Abadzis: There’s a good story behind "Yelena." I based her very, very loosely on a woman I had known had worked for the Soviet space bureau, the IMBP, several years after the Laika mission. She had worked for the Soviet state circus. She worked with Gazenko a few years after the events of Laika. So I had the idea that I could put a female worker in the story and it wouldn’t be too much of a dramatic stretch. I didn’t want it to be an all-male cast. But as far as I was concerned, she was my character, completely invented. Then after I finished the book, I had a conversation with Chris Dobbs, who with Colin Burgess did a book called Animals in Space. He’s a bit of a Laika expert, too. There was a photograph in his book that I hadn’t seen, a picture of a woman who looked incredibly like the character I had created. I asked Chris, "Do you know who this woman is?" He had no idea, but he could date that picture to 1956 or ‘57. So suddenly I had confirmation that a woman very like my character worked for [the institute] at the time. It was one of those coincidences that both creeps you out and makes you feel very satisfied.

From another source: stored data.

lemma parities_realizable_insert_facet_flip:
  assumes "finite G" "f \<notin> G" "x \<in> f" "y \<in> f" "x \<noteq> y"
    and "parities_realizable G u w (\<lambda>v. p v \<noteq> (v = x \<or> v = y))"
    and new: "\<forall>v\<in>f - \<Union>G - {u, w}. p v \<longleftrightarrow> v = x \<or> v = y"
  shows "parities_realizable (insert f G) u w p"
proof -
  obtain S where S: "S \<subseteq> incidence_arcs G" "\<forall>g\<in>G. fdeg S g = 2"
    and par: "\<forall>v\<in>\<Union>G - {u, w}. odd (vdeg S v) \<longleftrightarrow> p v \<noteq> (v = x \<or> v = y)"
    using assms(6) unfolding parities_realizable_def by (elim exE conjE) (rule that)
  have "(odd (vdeg S v) \<noteq> (v = x \<or> v = y)) \<longleftrightarrow> p v" if v: "v \<in> \<Union>(insert f G) - {u, w}" for v
  proof (cases "v \<in> \<Union>G")
    case True
    with v par show ?thesis
      by auto
  next
    case False
    with v new show ?thesis
      using vdeg_eq_0_if_not_vertex[OF S(1) False] by auto
  qed
  with S assms(1-5) show ?thesis
    by (intro parities_realizable_insert_facet) auto
qed
theorem theorem3p6:
  fixes P :: "'a rule set" and Ps :: "nat \<Rightarrow> 'a rule set" and M :: "'a set"
  assumes "\<forall>r\<in>P. rhead r \<noteq> []"
    and "module_sequence P Ps"
  shows "stable_model P M \<longleftrightarrow>
    (\<exists>Ms :: nat \<Rightarrow> 'a set.
        (\<forall>i. stable_model (Ps i) (Ms i)) \<and>
        (\<forall>i. Ms i = Ms (Suc i) \<inter> atom (Ps i)) \<and>
        M = (\<Union>i. Ms i))"
proof -
  obtain p where p: "range p = GH P" and Ps: "Ps = induced_modules P p"
    using assms(2) by (auto simp: module_sequence_def)
  have mono_atoms: "mono (\<lambda>i. atom (Ps i))"
    by (rule monoI) (simp add: Ps atom_mono monoD[OF mono_induced_modules])
  have atoms: "GH P \<subseteq> (\<Union>i. atom (Ps i))"
    using GH_subset_induced_atoms[of P p] p by (simp add: Ps)
  show ?thesis
  proof
    assume stable: "stable_model P M"
    show "\<exists>Ms. (\<forall>i. stable_model (Ps i) (Ms i)) \<and> (\<forall>i. Ms i = Ms (Suc i) \<inter> atom (Ps i)) \<and>
        M = (\<Union>i. Ms i)"
    proof (intro exI[of _ "\<lambda>i. M \<inter> atom (Ps i)"] conjI allI)
      show "stable_model (Ps i) (M \<inter> atom (Ps i))" for i
        using stable_model_restrict_bottom[OF is_bottom_induced_modules stable] by (simp add: Ps)
      show "M \<inter> atom (Ps i) = M \<inter> atom (Ps (Suc i)) \<inter> atom (Ps i)" for i
        using monoD[OF mono_atoms, of i "Suc i"] by auto
      show "M = (\<Union>i. M \<inter> atom (Ps i))"
        using stable_model_subset_GH[OF stable] atoms by blast
    qed
  next
    assume "\<exists>Ms. (\<forall>i. stable_model (Ps i) (Ms i)) \<and> (\<forall>i. Ms i = Ms (Suc i) \<inter> atom (Ps i)) \<and>
        M = (\<Union>i. Ms i)"
    then obtain Ms where stable: "\<And>i. stable_model (Ps i) (Ms i)"
      and step: "\<And>i. Ms i = Ms (Suc i) \<inter> atom (Ps i)" and M: "M = (\<Union>i. Ms i)"
      by blast
    have Ms: "Ms i = M \<inter> atom (Ps i)" for i
      using chain_restrict_Union[OF mono_atoms step] M by blast
    show "stable_model P M"
    proof (rule stable_model_glue)
      show "Ps i \<subseteq> P" for i
        by (simp add: Ps induced_modules_subset)
      show "P \<subseteq> (\<Union>i. Ps i)"
        using induced_modules_cover[OF assms(1)] p by (simp add: Ps)
      show "M \<subseteq> (\<Union>i. atom (Ps i))"
        using M Ms by blast
      show "stable_model (Ps i) (M \<inter> atom (Ps i))" for i
        using stable[of i] by (simp add: Ms)
    qed
  qed
qed

end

A&S: The ethics of animal experimentation is obviously a large part of this story. The space arena has been fairly progressive in that regard—animals have largely been banned from U.S. and European spaceflights. In the early space shuttle era, they were still flying monkeys, but I don’t think there are plans to do that anymore. Chalk one up for the space program?

Abadzis: The more questions we ask, the healthier this debate gets. And I think it should remain a debate. If we put these issues out on the table to talk about, we are going to slowly shuffle forward. And that’s the idea, isn’t it, of space exploration? We’re trying to shuffle forward and make the whole human condition slightly better.